Satu Vänskä (born 1979) is a Finnish Australian violinist.

==Early life==
Vänskä was born to a Finnish family in the Kinki region of Japan, where she took her first violin lessons at the age of three. Her family moved back to Finland in 1989 and she continued her studies with Pertti Sutinen at the Lahti Conservatorium and the Sibelius Academy. At the age of 11 Vänskä was selected for the Kuhmo Violin School in Finland, a special institution for talented young violinists where she attended master classes with Ilya Grubert, Zinaida Gilels and Pavel Vernikov and had the opportunity to perform at the Kuhmo Chamber Music Festival with the Kuhmo Virtuosi Chamber Orchestra.

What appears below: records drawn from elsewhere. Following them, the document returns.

(* Let $D^2=\{z\in\mathbb{C}: |z|\le 1\}$ be the closed unit disk with the Euclidean topology, and take starting points $l=0$ (lion) and $m=1$ (man). Then the man has a strategy in $D^2$. Moreover, there is such a strategy $S:P_0(D^2)\to P_1(D^2)$ for which the man stays on the boundary of the disk during the whole pursuit, i.e. $|S(\beta)(t)|=1$ for all $\beta\in P_0(D^2)$ and all $t\ge 0$.
   Context: For a topological space $X$ and $x\in X$, let $P_x(X)$ be the set of continuous maps $\gamma:[0,+\infty)\to X$ with $\gamma(0)=x$. For $\gamma\in P_x(X)$ and $t\ge 0$, write $\gamma_{<t}=\gamma|_{[0,t)}$ and $\gamma_{\le t}=\gamma|_{[0,t]}$. Given starting points $m$ (man) and $l$ (lion) in $X$, a strategy for the man is a function $S:P_l(X)\to P_m(X)$ such that (i) for each $\beta\in P_l(X)$ and each $t\ge 0$, $S(\beta)(t)\neq\beta(t)$; and (ii) (no-lookahead rule) whenever $\beta,\beta'\in P_l(X)$ and $t\ge0$ satisfy $\beta_{<t}=\beta'_{<t}$, then $S(\beta)_{\le t}=S(\beta')_{\le t}$. No speed bound is imposed on the paths. The Axiom of Choice is assumed. *)

theory Defs
  imports "HOL-Analysis.Analysis"
begin

text \<open>P_x(X): continuous maps [0,+oo) -> X starting at x. Paths are represented as
total functions real => 'a; only their values on [0,+oo) matter.\<close>
definition paths_from :: "'a topology \<Rightarrow> 'a \<Rightarrow> (real \<Rightarrow> 'a) set" where
  "paths_from X x = {\<gamma>. continuous_map (top_of_set {0..}) X \<gamma> \<and> \<gamma> 0 = x}"

definition man_strategy ::
  "'a topology \<Rightarrow> 'a \<Rightarrow> 'a \<Rightarrow> ((real \<Rightarrow> 'a) \<Rightarrow> (real \<Rightarrow> 'a)) \<Rightarrow> bool" where
  "man_strategy X m l S \<longleftrightarrow>
     (\<forall>\<beta>\<in>paths_from X l. S \<beta> \<in> paths_from X m) \<and>
     (\<forall>\<beta>\<in>paths_from X l. \<forall>t\<ge>0. S \<beta> t \<noteq> \<beta> t) \<and>
     (\<forall>\<beta>\<in>paths_from X l. \<forall>\<beta>'\<in>paths_from X l. \<forall>t\<ge>0.
        (\<forall>s\<in>{0..<t}. \<beta> s = \<beta>' s) \<longrightarrow> (\<forall>s\<in>{0..t}. S \<beta> s = S \<beta>' s))"

end

theory Submission
  imports Defs
begin

text \<open>The man runs along the unit circle in alternating stages. In an even stage he stands
still, until the lion reaches the circle of radius 1/2. In an odd stage he escorts the lion:
he is at the antipode \<open>-sgn z\<close> of the lion \<open>z\<close>, rotated by an angle that fades out as \<open>|z|\<close>
grows from 1/2 to 3/4 and that is chosen so that the stage starts where the man stands; this
stage ends when the lion is back in the disk of radius 1/4. So the lion never catches the man:
while \<open>|z| < 3/4\<close> it is off the circle, and otherwise the man is at its antipode. Every stage
forces the lion across the annulus \<open>1/4 < |z| < 1/2\<close>, so by continuity only finitely many
stages begin before any given time, which makes the man's path well defined and continuous.
It depends only on the lion's past because stages end at first hitting times.\<close>

definition first_hit :: "(real \<Rightarrow> 'a) \<Rightarrow> 'a set \<Rightarrow> real \<Rightarrow> real option" where
  "first_hit b A a = (if \<exists>u\<ge>a. b u \<in> A then Some (Inf {u. a \<le> u \<and> b u \<in> A}) else None)"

In her teens Vänskä studied violin at Hochschule für Musik in Munich, Germany. This led to her performances with the Munich Philharmonic, the Bavarian Radio Symphony Orchestra, at the Tuusulanjärvi Festival, and at Festivo Aschau. From 1997 Vänskä was a pupil of Ana Chumachenco at the Hochschule für Musik in Munich where she finished her diploma in 2001.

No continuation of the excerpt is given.